The most important part of Chief Judge James Boasberg’s ruling quashing Justice Department subpoenas served on the Federal Reserve was not simply that he blocked them.
It was that he refused to suspend common sense. He read the subpoenas against the public record that produced them. He took President Donald Trump at his word. That is what made the opinion so important.
Judge Boasberg did not begin with dry procedural throat-clearing. He began with Trump’s own attacks on Federal Reserve Chair Jerome Powell and the broader campaign of presidential and White House pressure on the Federal Reserve to cut interest rates.
For too long, courts have often maintained an artificial separation between presidential rhetoric and executive action.
He quoted Trump calling Powell “TOO ANGRY, TOO STUPID, & TOO POLITICAL, to have the job of Fed Chair.” He cited another post calling Powell “one of the dumbest, and most destructive, people in Government.” He noted Trump’s statement that “Powell’s termination cannot come fast enough!” and his threat that if the Fed did not cut rates, “I may have to force something.”
That was not decoration; it was the architecture of the opinion. From page one, Judge Boasberg made clear that motive was not some side issue here. Motive was the case.
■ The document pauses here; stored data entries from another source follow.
lemma expands3_symqD:
  assumes q: "0 < q" "q \<noteq> 1" and H: "expands3 H 0 h1 h2 h3"
  shows "expands2 (symqD q H) h1 (of_real (qnat q 2) * h2) (of_real (qnat q 3) * h3)"
proof -
  define Q where "Q = complex_of_real q"
  have Q0: "Q \<noteq> 0" using q by (simp add: Q_def)
  have D: "Q - 1/Q \<noteq> 0"
    using q_minus_inverse_nonzero[OF q] unfolding Q_def
    by (metis of_real_1 of_real_diff of_real_divide of_real_eq_0_iff)
  then have QQ: "Q * Q \<noteq> 1" using Q0 by (auto simp: field_simps)
  obtain R c where R: "(R \<longlongrightarrow> c) (at 0)"
    and ev: "\<forall>\<^sub>F z in at 0. H z = 0 + h1*z + h2*z^2 + h3*z^3 + z^4 * R z"
    using H unfolding expands3_def by blast
  have lim1: "filterlim (\<lambda>z. Q * z) (at 0) (at 0)" by (rule filterlim_scale_at_0[OF Q0])
  have lim2: "filterlim (\<lambda>z. (1/Q) * z) (at 0) (at 0)" by (rule filterlim_scale_at_0) (use Q0 in simp)
  define T where "T z = (Q^4 * R (Q*z) - R (z/Q) / Q^4) / (Q - 1/Q)" for z
  have "((\<lambda>z. R (Q*z)) \<longlongrightarrow> c) (at 0)" "((\<lambda>z. R (z/Q)) \<longlongrightarrow> c) (at 0)"
    using filterlim_compose[OF R lim1] filterlim_compose[OF R lim2] by simp_all
  then have "(T \<longlongrightarrow> (Q^4 * c - c / Q^4) / (Q - 1/Q)) (at 0)"
    unfolding T_def by (intro tendsto_intros) (use Q0 D in auto)
  moreover have "\<forall>\<^sub>F z in at 0. symqD q H z
      = h1 + (of_real (qnat q 2) * h2)*z + (of_real (qnat q 3) * h3)*z^2 + z^3 * T z"
    using eventually_compose_filterlim[OF ev lim1]
      eventually_compose_filterlim[OF ev lim2, unfolded mult.commute[of "1/Q"], simplified]
      eventually_at_0_nonzero
  proof eventually_elim
    case (elim z)
    have "symqD q H z = (H (Q*z) - H (z/Q)) / ((Q - 1/Q) * z)"
      using elim(3) by (simp add: symqD_def Q_def)
    also have "\<dots> = h1 + ((Q + 1/Q)*h2)*z + ((Q^2 + 1 + 1/Q^2)*h3)*z^2 + z^3 * T z"
      unfolding elim(1) elim(2) T_def using elim(3) Q0 QQ D
      by (simp add: field_simps) (simp add: algebra_simps power_numeral_reduce)
    finally show ?case by (simp add: Q_def qnat_2[OF q] qnat_3[OF q])
  qed
  ultimately show ?thesis unfolding expands2_def by blast
qed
The subpoenas arose from a Justice Department investigation into supposed cost overruns in the Federal Reserve’s multiyear headquarters renovation project and into Powell’s congressional testimony touching on those renovations. On paper, that was the inquiry. In reality, Judge Boasberg concluded, something else was going on.
Judge Boasberg wrote that there was “abundant evidence” that the dominant, if not sole, purpose of the subpoenas was to harass and pressure Powell either to yield to the president or resign and make way for someone who would. On the other side of the scale, he said the government had offered “no evidence whatsoever” that Powell committed any crime other than displeasing the president. By the end of the opinion, that judgment hardened even further: The government had produced “essentially zero evidence” of criminality, and its stated justifications looked like “a convenient pretext” for another unstated purpose.
That is an extraordinary thing for a federal judge to say about the Department of Justice.
This was not a close call. It was not a case in which prosecutors pushed the envelope and got reined back in. It was a finding that criminal process had been used as pressure rather than law enforcement.
And the way Judge Boasberg got there was the real story. He did not invent improper purpose. Rather, he looked at what was already in plain view. Trump spent months attacking Powell, demanding lower rates and making his desired outcome unmistakable. He said, “Anybody that disagrees with me will never be the Fed Chairman!” He said, “I want to get him out.” He said he would “love to fire his ass.” He said Powell “should resign.”
A political appointee then floated the Fed renovation issue as a path toward investigation and possible removal. After that, the U.S. Attorney’s Office opened a criminal investigation on that very theory and served subpoenas on the Federal Reserve.
Judge Boasberg looked at that sequence and refused to act naive.
He was right to.
For too long, courts have often maintained an artificial separation between presidential rhetoric and executive action. The president says what he says. Prosecutors do what they do. Judges examine the narrower legal record and resist attributing too much significance to the political atmosphere outside the courthouse. But there comes a point where that posture stops looking disciplined and starts looking unserious.
From page one, Judge Boasberg made clear that motive was not some side issue here. Motive was the case.
When a president has repeatedly identified the official he wants pressured or removed, made his desired outcome unmistakable and then his Justice Department shows up with a paper-thin theory aimed at that same target, a court does not have to pretend those events are unrelated. Judge Boasberg’s opinion suggested that at least some courts may be losing patience with that formalism.
What made the opinion important was not just that Judge Boasberg drew that inference here. It was that he did so openly, in a way that may signal a broader judicial willingness to read executive motive more realistically in politically saturated cases.
That is not judicial activism. It is common sense.